The concept of observability is a valuable one, but the way the term has been used is misleading and leaves some teams worse off because of limitations in what observability tools actually provide. Enterprises need to rethink what observability means and regard it as a practice rather than a catch-all product category that can serve every team member’s needs equally. 

There are several teams that can benefit from observability, and they each have needs specific to their roles and responsibilities. For example, key constituents include:

  • SRE and infrastructure specialists
  • Data engineers
  • Developers
  • Security specialists

What enterprises really need from observability

Each of these teams need actionable information to help them address the specific issues they confront in their roles. Crucially, this information must not just alert them that a problem exists but also provide the specific details and context to help address the problem quickly.

For example, in the context of security, observability tools must help security practitioners to quickly detect and mitigate threats and vulnerabilities. The tools should provide metrics to help explain why incidents occurred and suggest proactive measures to mitigate against threats in future.

For data engineering teams, observability tools should provide visibility across data pipelines and data products. Data practitioners need to know when the source of data in a pipeline changes, for example, and what action they need to take to maintain the integrity of their data applications.

For developers, observability tools need to know not just that an error or a performance issue occurred, but also direct them to the specific coding issue that caused the error. They also need information to help them prioritize errors and know which to address first, delivered in the context of their workflows, not in a separate tool.

Providing teams with actionable detail that’s specific to their roles creates greater ownership and accountability for each practice area, because specialists get the information they need delivered directly to them. In contrast, treating observability as a catch-all product area leads to multiple teams chasing after the latest problem, no matter the source of that issue. Observability has skewed too far towards solving cloud infrastructure challenges, and this approach doesn’t do enough for specialists in other areas.

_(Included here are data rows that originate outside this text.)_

lemma cvec_norm_nonneg: "cvec_norm x \<ge> 0"
  unfolding cvec_norm_def by (simp add: sum_nonneg)

lemma cvec_norm_eq_sqrt: "cinner x x = of_real r \<Longrightarrow> cvec_norm x = sqrt r"
  using cinner_self[of x] cvec_norm_nonneg[of x] by (metis of_real_eq_iff real_sqrt_unique)

lemma cinner_Cauchy_Schwarz:
  assumes "dim_vec x = dim_vec y"
  shows "cmod (cinner x y) \<le> cvec_norm x * cvec_norm y"
proof -
  have "cmod (cinner x y) \<le> (\<Sum>i<dim_vec x. cmod (cnj (x$i) * y$i))"
    unfolding cinner_def by (rule norm_sum)
  also have "\<dots> = (\<Sum>i<dim_vec x. \<bar>cmod (x$i)\<bar> * \<bar>cmod (y$i)\<bar>)"
    by (simp add: norm_mult)
  also have "\<dots> \<le> L2_set (\<lambda>i. cmod (x$i)) {..<dim_vec x} * L2_set (\<lambda>i. cmod (y$i)) {..<dim_vec x}"
    by (rule L2_set_mult_ineq)
  also have "\<dots> = cvec_norm x * cvec_norm y"
    using assms by (simp add: L2_set_def cvec_norm_def)
  finally show ?thesis .
qed

section \<open>Trace and eigenvalues\<close>

definition mat_trace :: "complex mat \<Rightarrow> complex" where
  "mat_trace A = (\<Sum>i<dim_row A. A$$(i,i))"
text \<open>Vertices of K_{m,n}: A i (1 \<le> i \<le> m) and B j (1 \<le> j \<le> n); the sink is A m.
  Configurations are functions vert \<Rightarrow> int; only their values on verts m n matter.\<close>

datatype vert = A nat | B nat

definition verts :: "nat \<Rightarrow> nat \<Rightarrow> vert set" where
  "verts m n = A ` {1..m} \<union> B ` {1..n}"

definition adjacent :: "nat \<Rightarrow> nat \<Rightarrow> vert \<Rightarrow> vert \<Rightarrow> bool" where
  "adjacent m n c c' = (\<exists>i\<in>{1..m}. \<exists>j\<in>{1..n}. {c, c'} = {A i, B j})"

definition nbrs :: "nat \<Rightarrow> nat \<Rightarrow> vert \<Rightarrow> vert set" where
  "nbrs m n c = {c' \<in> verts m n. adjacent m n c c'}"

definition gdeg :: "nat \<Rightarrow> nat \<Rightarrow> vert \<Rightarrow> nat" where
  "gdeg m n c = card (nbrs m n c)"

definition ind :: "vert \<Rightarrow> vert \<Rightarrow> int" where
  "ind c = (\<lambda>x. if x = c then 1 else 0)"

definition Lap :: "nat \<Rightarrow> nat \<Rightarrow> vert \<Rightarrow> vert \<Rightarrow> int" where
  "Lap m n c = (\<lambda>x. int (gdeg m n c) * ind c x - (\<Sum>c'\<in>nbrs m n c. ind c' x))"

definition LapSet :: "nat \<Rightarrow> nat \<Rightarrow> vert set \<Rightarrow> vert \<Rightarrow> int" where
  "LapSet m n C = (\<lambda>x. \<Sum>c\<in>C. Lap m n c x)"

definition topp_equiv :: "nat \<Rightarrow> nat \<Rightarrow> (vert \<Rightarrow> int) \<Rightarrow> (vert \<Rightarrow> int) \<Rightarrow> bool" where
  "topp_equiv m n u v =
     (\<exists>z :: vert \<Rightarrow> int. \<forall>x\<in>verts m n. u x - v x = (\<Sum>c\<in>verts m n. z c * Lap m n c x))"

definition parking :: "nat \<Rightarrow> nat \<Rightarrow> (vert \<Rightarrow> int) \<Rightarrow> bool" where
  "parking m n u =
     ((\<forall>c\<in>verts m n - {A m}. 0 \<le> u c) \<and>
      (\<forall>C. C \<subseteq> verts m n - {A m} \<and> C \<noteq> {} \<longrightarrow>
           (\<exists>c\<in>verts m n - {A m}. u c - LapSet m n C c < 0)))"

definition park :: "nat \<Rightarrow> nat \<Rightarrow> (vert \<Rightarrow> int) \<Rightarrow> vert \<Rightarrow> int" where
  "park m n u = (THE v. parking m n v \<and> topp_equiv m n u v \<and> (\<forall>x. x \<notin> verts m n \<longrightarrow> v x = 0))"

definition degree :: "nat \<Rightarrow> nat \<Rightarrow> (vert \<Rightarrow> int) \<Rightarrow> int" where
  "degree m n u = (\<Sum>c\<in>verts m n. u c)"

definition stable :: "nat \<Rightarrow> nat \<Rightarrow> (vert \<Rightarrow> int) \<Rightarrow> bool" where
  "stable m n u = ((\<forall>j\<in>{1..m-1}. 0 \<le> u (A j) \<and> u (A j) \<le> int n - 1) \<and>
                   (\<forall>i\<in>{1..n}. 0 \<le> u (B i) \<and> u (B i) \<le> int m - 1))"

definition sorted_config :: "nat \<Rightarrow> nat \<Rightarrow> (vert \<Rightarrow> int) \<Rightarrow> bool" where
  "sorted_config m n u = ((\<forall>j1\<in>{1..m-1}. \<forall>j2\<in>{1..m-1}. j1 \<le> j2 \<longrightarrow> u (A j1) \<le> u (A j2)) \<and>
                         (\<forall>i1\<in>{1..n}. \<forall>i2\<in>{1..n}. i1 \<le> i2 \<longrightarrow> u (B i1) \<le> u (B i2)))"

definition rvec :: "nat \<Rightarrow> nat \<Rightarrow> (vert \<Rightarrow> int) \<Rightarrow> nat \<Rightarrow> int" where
  "rvec m n u i = u (B i) + 1 - int (card {j\<in>{1..m-1}. u (A j) + 1 \<le> int i - 1})"

definition chi :: "bool \<Rightarrow> int" where
  "chi P = (if P then 1 else 0)"

end

theory Submission
  imports Defs
begin

text \<open>The configuration $u'$ differs from $u$ by an integer combination of toppling vectors,
  so it is toppling equivalent to $u$; the explicit formulas for its values show that it is
  nonnegative off the sink, and it remains to see that no nonempty set
  $C = \{a_j : j \in S\} \cup \{b_i : i \in T\}$ of non-sink vertices can be toppled, i.e.\ that
  not all $a_j$, $j \in S$, carry at least $n - |T|$ chips while all $b_i$, $i \in T$, carry at
  least $m - |S|$. Take the first $b$-vertex $b_{i_0}$ of $T$ in the cyclic order
  $h, \dots, n, 1, \dots, h-1$. The chip count on the $a_j$ confines $S$ to the $a$-vertices
  whose $u$-value lies outside (if $i_0 \ge h$) resp.\ inside (if $i_0 < h$) the window between
  $i_0$ and $h$, and the chip count on $b_{i_0}$ then forces $r_{i_0} > r_h$ resp.\
  $r_{i_0} \ge r_h$, against the choice of $h$ as the first maximum of the $r$-vector.

  Uniqueness of the parking representative is the usual maximum principle: if two parking
  configurations differ by $\sum_c z_c \Delta^{(c)}$, the set where $z$ is maximal must contain
  the sink, so $z$ is constant.\<close>

lemma card_le_sum_gap:
  fixes f :: "'a \<Rightarrow> int"
  assumes "finite I" "\<forall>i\<in>I. f i \<le> M"
  shows "int (card I) - int (card {i\<in>I. f i = M}) \<le> (\<Sum>i\<in>I. M - f i)"
proof -
  have "int (card I) - int (card {i\<in>I. f i = M}) = int (card {i\<in>I. f i \<noteq> M})"
  proof -
    have "{i\<in>I. f i \<noteq> M} = I - {i\<in>I. f i = M}" by blast
    then show ?thesis
      using assms(1) by (simp add: card_Diff_subset card_mono)
  qed
  also have "\<dots> = (\<Sum>i\<in>{i\<in>I. f i \<noteq> M}. 1)" by simp
  also have "\<dots> \<le> (\<Sum>i\<in>{i\<in>I. f i \<noteq> M}. M - f i)"
    using assms(2) by (intro sum_mono) force
  also have "\<dots> \<le> (\<Sum>i\<in>I. M - f i)"
    using assms by (intro sum_mono2) auto
  finally show ?thesis .
qed

lemma downclosed_eq_atLeastAtMost_card:
  assumes "D \<subseteq> {1..N}" and "\<And>j j'. j \<in> D \<Longrightarrow> 1 \<le> j' \<Longrightarrow> j' \<le> j \<Longrightarrow> j' \<in> D"
  shows "D = {1..card D}"
proof (cases "D = {}")
  case False
  have fin: "finite D" using assms(1) finite_subset by blast
  have "D = {1..Max D}"
  proof
    show "D \<subseteq> {1..Max D}" using assms(1) fin by auto
    show "{1..Max D} \<subseteq> D" using assms(2) Max_in[OF fin False] by auto
  qed
  moreover from this have "card D = Max D" by (metis card_atLeastAtMost diff_Suc_1)
  ultimately show ?thesis by simp
qed simp

lemma sorted_map_upt_append:
  assumes "\<And>i j. a \<le> i \<Longrightarrow> i \<le> j \<Longrightarrow> j < b \<Longrightarrow> f i \<le> f j"
    and "\<And>i j. c \<le> i \<Longrightarrow> i \<le> j \<Longrightarrow> j < a \<Longrightarrow> f i \<le> f j"
    and "\<And>i j. a \<le> i \<Longrightarrow> i < b \<Longrightarrow> c \<le> j \<Longrightarrow> j < a \<Longrightarrow> f i \<le> f j"
  shows "sorted (map f ([a..<b] @ [c..<a]))"
  unfolding map_append sorted_append
proof (intro conjI ballI)
  show "sorted (map f [a..<b])" "sorted (map f [c..<a])"
    using assms(1,2) by (auto simp: sorted_map sorted_wrt_iff_nth_less)
next
  fix x y assume "x \<in> set (map f [a..<b])" "y \<in> set (map f [c..<a])"
  then show "x \<le> y" using assms(3) by auto
qed
lemma nn_integral_power_atLeast_layer_cake:
  fixes M :: "real measure" and k :: nat
  assumes "sigma_finite_measure M" and sets_M [measurable_cong]: "sets M = sets borel"
    and "s \<ge> 0"
  shows "(\<integral>\<^sup>+x\<in>{s..}. ennreal (x ^ k) \<partial>M)
    = ennreal (s ^ k) * emeasure M {s..}
      + (\<integral>\<^sup>+y\<in>{s..}. ennreal (real k * y ^ (k - 1)) * emeasure M {y..} \<partial>lborel)"
proof -
  define f where "f x y = ennreal (real k * y ^ (k - 1)) * indicator {s..} y * indicator {y..} x"
    for x y :: real
  have [measurable]: "Measurable.pred (borel \<Otimes>\<^sub>M borel) (\<lambda>x::real \<times> real. fst x \<in> {snd x..})"
    unfolding atLeast_iff by measurable
  have f_measurable [measurable]: "case_prod f \<in> borel_measurable (M \<Otimes>\<^sub>M lborel)"
    unfolding f_def by measurable
  have power_eq: "ennreal (x ^ k) * indicator {s..} x
      = ennreal (s ^ k) * indicator {s..} x + (\<integral>\<^sup>+y. f x y \<partial>lborel)" for x
  proof (cases "s \<le> x")
    case True
    have "(\<integral>\<^sup>+y. f x y \<partial>lborel)
        = (\<integral>\<^sup>+y. ennreal (real k * y ^ (k - 1)) * indicator {s..x} y \<partial>lborel)"
      unfolding f_def by (intro nn_integral_cong) (auto simp: indicator_def)
    also have "\<dots> = ennreal (x ^ k - s ^ k)"
      by (rule nn_integral_FTC_Icc) (use True \<open>s \<ge> 0\<close> in \<open>auto intro!: derivative_eq_intros\<close>)
    finally show ?thesis
      using True \<open>s \<ge> 0\<close> power_mono[of s x k] by (simp add: ennreal_plus[symmetric])
  next
    case False
    then have "f x y = 0" for y by (auto simp: f_def indicator_def)
    then show ?thesis using False by simp
  qed
  have "(\<integral>\<^sup>+x\<in>{s..}. ennreal (x ^ k) \<partial>M)
      = ennreal (s ^ k) * emeasure M {s..} + (\<integral>\<^sup>+x. (\<integral>\<^sup>+y. f x y \<partial>lborel) \<partial>M)"
    unfolding power_eq
    by (subst nn_integral_add)
       (auto intro!: lborel.borel_measurable_nn_integral[OF f_measurable]
             simp: nn_integral_cmult_indicator)
  also have "(\<integral>\<^sup>+x. (\<integral>\<^sup>+y. f x y \<partial>lborel) \<partial>M) = (\<integral>\<^sup>+y. (\<integral>\<^sup>+x. f x y \<partial>M) \<partial>lborel)"
    using assms(1) lborel.sigma_finite_measure_axioms
    by (intro pair_sigma_finite.Fubini'[symmetric, OF _ f_measurable])
       (simp add: pair_sigma_finite_def)
  also have "\<dots> = (\<integral>\<^sup>+y\<in>{s..}. ennreal (real k * y ^ (k - 1)) * emeasure M {y..} \<partial>lborel)"
    unfolding f_def
    by (intro nn_integral_cong, subst nn_integral_cmult_indicator) (simp_all add: sets_M mult_ac)
  finally show ?thesis .
qed
lemma pairing_mult_block_weight:
  assumes fa: "fin_supp a" and v: "admissible K e"
  shows "pairing f (\<lambda>i. a i * block_weight g K e i) = pairing g (block_sums (\<lambda>i. f i * a i) K e)"
proof -
  have fK: "finite K" using v admissible_finite by blast
  obtain L where L: "L \<ge> Suc (\<Sum>k\<in>K. e k)" "\<And>i. i \<ge> L \<Longrightarrow> a i = 0"
    using fin_suppE[OF fa, of "Suc (\<Sum>k\<in>K. e k)"] by blast
  have eL: "e k < L" if "k \<in> K" for k
  proof -
    have "e k \<le> (\<Sum>k\<in>K. e k)" using that fK by (intro member_le_sum) auto
    then show ?thesis using L(1) by linarith
  qed
  have "pairing f (\<lambda>i. a i * block_weight g K e i) = (\<Sum>i<L. f i * (a i * block_weight g K e i))"
    by (rule pairing_lessThan) (simp add: L(2))
  also have "\<dots> = (\<Sum>i<L. (f i * a i) * block_weight g K e i)" by (simp add: mult.assoc)
  also have "\<dots> = (\<Sum>k\<in>K. g k * (\<Sum>i<L. if k \<le> i \<and> i \<le> e k then f i * a i else 0))"
    unfolding block_weight_def by (rule sum_mult_sum_if_swap) (use fK in auto)
  also have "\<dots> = (\<Sum>k\<in>K. g k * block_sums (\<lambda>i. f i * a i) K e k)"
  proof (rule sum.cong[OF refl])
    fix k assume kK: "k \<in> K"
    have "(\<Sum>i<L. if k \<le> i \<and> i \<le> e k then f i * a i else 0) = (\<Sum>i\<in>{..<L} \<inter> {i. k \<le> i \<and> i \<le> e k}. f i * a i)"
      unfolding sum.inter_restrict[OF finite_lessThan] by simp
    also have "{..<L} \<inter> {i. k \<le> i \<and> i \<le> e k} = {k..e k}" using eL[OF kK] by auto
    finally show "g k * (\<Sum>i<L. if k \<le> i \<and> i \<le> e k then f i * a i else 0) = g k * block_sums (\<lambda>i. f i * a i) K e k"
      using kK by (simp add: block_sums_def)
  qed
  also have "\<dots> = pairing g (block_sums (\<lambda>i. f i * a i) K e)"
    by (rule pairing_eq_sum[OF fK, symmetric]) (auto simp: block_sums_def)
  finally show ?thesis .
qed
definition bruhat_less :: "'a::euclidean_space set \<Rightarrow> (nat \<Rightarrow> 'a) \<Rightarrow> nat \<Rightarrow> ('a \<Rightarrow> 'a) \<Rightarrow> ('a \<Rightarrow> 'a) \<Rightarrow> bool" where
  "bruhat_less R \<alpha> n u v \<longleftrightarrow> bruhat_le R \<alpha> n u v \<and> u \<noteq> v"

abbreviation weyl_par :: "(nat \<Rightarrow> 'a::euclidean_space) \<Rightarrow> nat \<Rightarrow> nat \<Rightarrow> ('a \<Rightarrow> 'a) set" where
  "weyl_par \<alpha> n r \<equiv> refl_group (\<alpha> ` ({1..n} - {r}))"

definition min_reps :: "'a::euclidean_space set \<Rightarrow> (nat \<Rightarrow> 'a) \<Rightarrow> nat \<Rightarrow> nat \<Rightarrow> ('a \<Rightarrow> 'a) set" where
  "min_reps R \<alpha> n r = {w \<in> weyl R. \<forall>i\<in>{1..n} - {r}. w (\<alpha> i) \<in> pos_roots R \<alpha> n}"

end

theory Submission
  imports Defs "HOL-Library.Confluence"
begin

text \<open>Since \<open>\<omega>\<^sub>r\<close> is minuscule, every weight \<open>\<mu>\<close> in its Weyl orbit pairs with each simple
  coroot to \<open>-1\<close>, \<open>0\<close> or \<open>1\<close>. Lowering \<open>\<mu>\<close> to \<open>\<mu> - \<alpha>\<^sub>k = s\<^sub>k \<mu>\<close> when the pairing is \<open>1\<close>
  raises the length of the corresponding element of \<open>W\<^sup>P\<close> by one, and \<open>\<tau> \<mapsto> \<tau> \<omega>\<^sub>r\<close> is
  injective on \<open>W\<^sup>P\<close>; so a lowering chain from \<open>\<tau> \<omega>\<^sub>r\<close> to \<open>\<tau>' \<omega>\<^sub>r\<close> gives
  \<open>\<tau> \<le> \<tau>'\<close> in the Bruhat order.

  Two different lowerings (or raisings) of the same weight involve orthogonal simple roots
  and commute, so both rewriting systems are confluent. Raise the lowest weight of the orbit
  as long as the \<open>\<alpha>\<^sub>s\<close>-coefficient of \<open>\<omega>\<^sub>r - \<mu>\<close> stays \<open>\<ge> c\<close> (possible since
  \<open>c \<le> a\<^sub>s\<close>). By confluence the end point \<open>g\<close> is unique and is reached from every
  weight of coefficient \<open>c\<close>; its own coefficient is exactly \<open>c\<close>, or one more raising
  step would be possible. Hence the element of \<open>W\<^sup>P\<close> sending \<open>\<omega>\<^sub>r\<close> to \<open>g\<close> lies below every
  other one of coefficient \<open>c\<close>, and is the unique minimal one.\<close>


section \<open>Normal forms and minimal elements\<close>

lemma rtranclp_normal_form_exists:
  fixes h :: "'a \<Rightarrow> nat"
  assumes "\<And>x y. r x y \<Longrightarrow> h y < h x"
  shows "\<exists>m. r\<^sup>*\<^sup>* x m \<and> (\<nexists>y. r m y)"
proof (induction "h x" arbitrary: x rule: less_induct)
  case less
  show ?case
  proof (cases "\<exists>y. r x y")
    case True
    then obtain y where "r x y" by blast
    with less assms obtain m where "r\<^sup>*\<^sup>* y m" "\<nexists>z. r m z" by blast
    with \<open>r x y\<close> show ?thesis by (meson converse_rtranclp_into_rtranclp)
  qed blast
qed
lemma powr_minus_case_bounds:
  fixes p r :: real
  assumes "0 < p" "p < 1" "0 \<le> r"
  shows "p powr (- (r + 1)) \<le> 2 * p powr (- (r + 1)) - 1 / p"
    and "p powr (- (r + 1)) \<le> (1 + 1 / (1 - p)) * p powr (- (r + 2)) - 1 / p ^ 2"
    and "p powr (- (r + 1)) \<le> 2 * p powr (- (r + 2)) - 1 / p ^ 2"
proof -
  define P where "P = p powr (- (r + 1))"
  define Q where "Q = p powr (- (r + 2))"
  have "p powr (- 1) \<le> P"
    unfolding P_def using assms by (intro powr_mono') auto
  then have inv_p: "1 / p \<le> P"
    using assms(1) by (simp add: powr_minus_divide)
  have "p powr (- 2) \<le> Q"
    unfolding Q_def using assms by (intro powr_mono') auto
  then have inv_p2: "1 / p ^ 2 \<le> Q"
    using assms(1) by (simp add: powr_minus_divide powr_realpow)
  have "Q = P / p"
    unfolding P_def Q_def using powr_minus_mult_self[OF assms(1), of r] assms(1) by (simp add: field_simps)
  moreover have "0 < Q"
    unfolding Q_def using assms(1) by simp
  ultimately have "P \<le> Q" "Q \<le> Q / (1 - p)"
    using assms(1,2) by (auto simp: field_simps)
  with inv_p inv_p2 show "P \<le> 2 * P - 1 / p" "P \<le> (1 + 1 / (1 - p)) * Q - 1 / p ^ 2"
    "P \<le> 2 * Q - 1 / p ^ 2"
    by (auto simp: algebra_simps)
qed

theorem lemma2p2:
  fixes r p z :: real and k :: nat
  assumes "r > 1" and "0 < p" and "p < 1" and "z > 1" and "k \<ge> 1"
  shows "\<bar>g_z r p z (k + 1) - g_z r p z k\<bar> \<le>
           (if real k \<ge> z then (1 / z) * (2 * p powr (-(r + 1)) - 1 / p)
            else if 2 \<le> k then (1 / z) * ((1 + 1 / (1 - p)) * p powr (-(r + 2)) - 1 / p ^ 2)
            else ((r + 1) / z) * (2 * p powr (-(r + 2)) - 1 / p ^ 2))
       \<and> \<bar>g_z r p z (k + 1) - g_z r p z k\<bar> \<le>
           ((r + 1) / z) * ((1 + 1 / (1 - p)) * p powr (-(r + 2)) - 1 / p ^ 2)"
proof -
  have diff: "\<bar>g_z r p z (k + 1) - g_z r p z k\<bar> \<le> p powr (- (r + 1)) / z"
    using assms by (intro g_z_diff_bound) auto
  have scaled: "\<bar>g_z r p z (k + 1) - g_z r p z k\<bar> \<le> (c / z) * X"
    if "p powr (- (r + 1)) \<le> X" "1 \<le> c" for c X
  proof -
    have "0 \<le> X"
      using that(1) by (meson order_trans powr_ge_zero)
    then have "p powr (- (r + 1)) \<le> c * X"
      using that mult_right_mono[OF that(2)] by fastforce
    then have "p powr (- (r + 1)) / z \<le> (c / z) * X"
      using assms(4) by (simp add: divide_right_mono)
    with diff show ?thesis
      by linarith
  qed
  note bounds = powr_minus_case_bounds[OF assms(2,3), of r]
  show ?thesis
    using scaled[OF bounds(1), of 1] scaled[OF bounds(2), of 1] scaled[OF bounds(3), of "r + 1"]
      scaled[OF bounds(2), of "r + 1"] assms(1)
    by auto
qed

end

Here are three myths of observability that have emerged as a result of this wrong-headed thinking:

Myth 1. Observability is a product. We need to stop thinking about observability as a product and start to regard it for what it actually is: a practice. When we view observability as a practice, we quickly realize that each practice area has its own needs that cannot be addressed with a single pane of glass. 

Myth 2. Observability is the same for every persona. Each practice area has its own distinct needs, and that means they need information that addresses their specific roles and objectives, delivered in the context of their usual workflow. What’s useful for an SRE will not be the same as what’s useful for a developer or a security specialist. 

Myth 3. More data solves everything. Data alone is not a silver bullet, and too much data can become a liability when it needs to be securely stored and managed at scale. One financial services firm was recently hit with an observability bill of $65 million, reportedly due to unpredictable spikes in the data collected.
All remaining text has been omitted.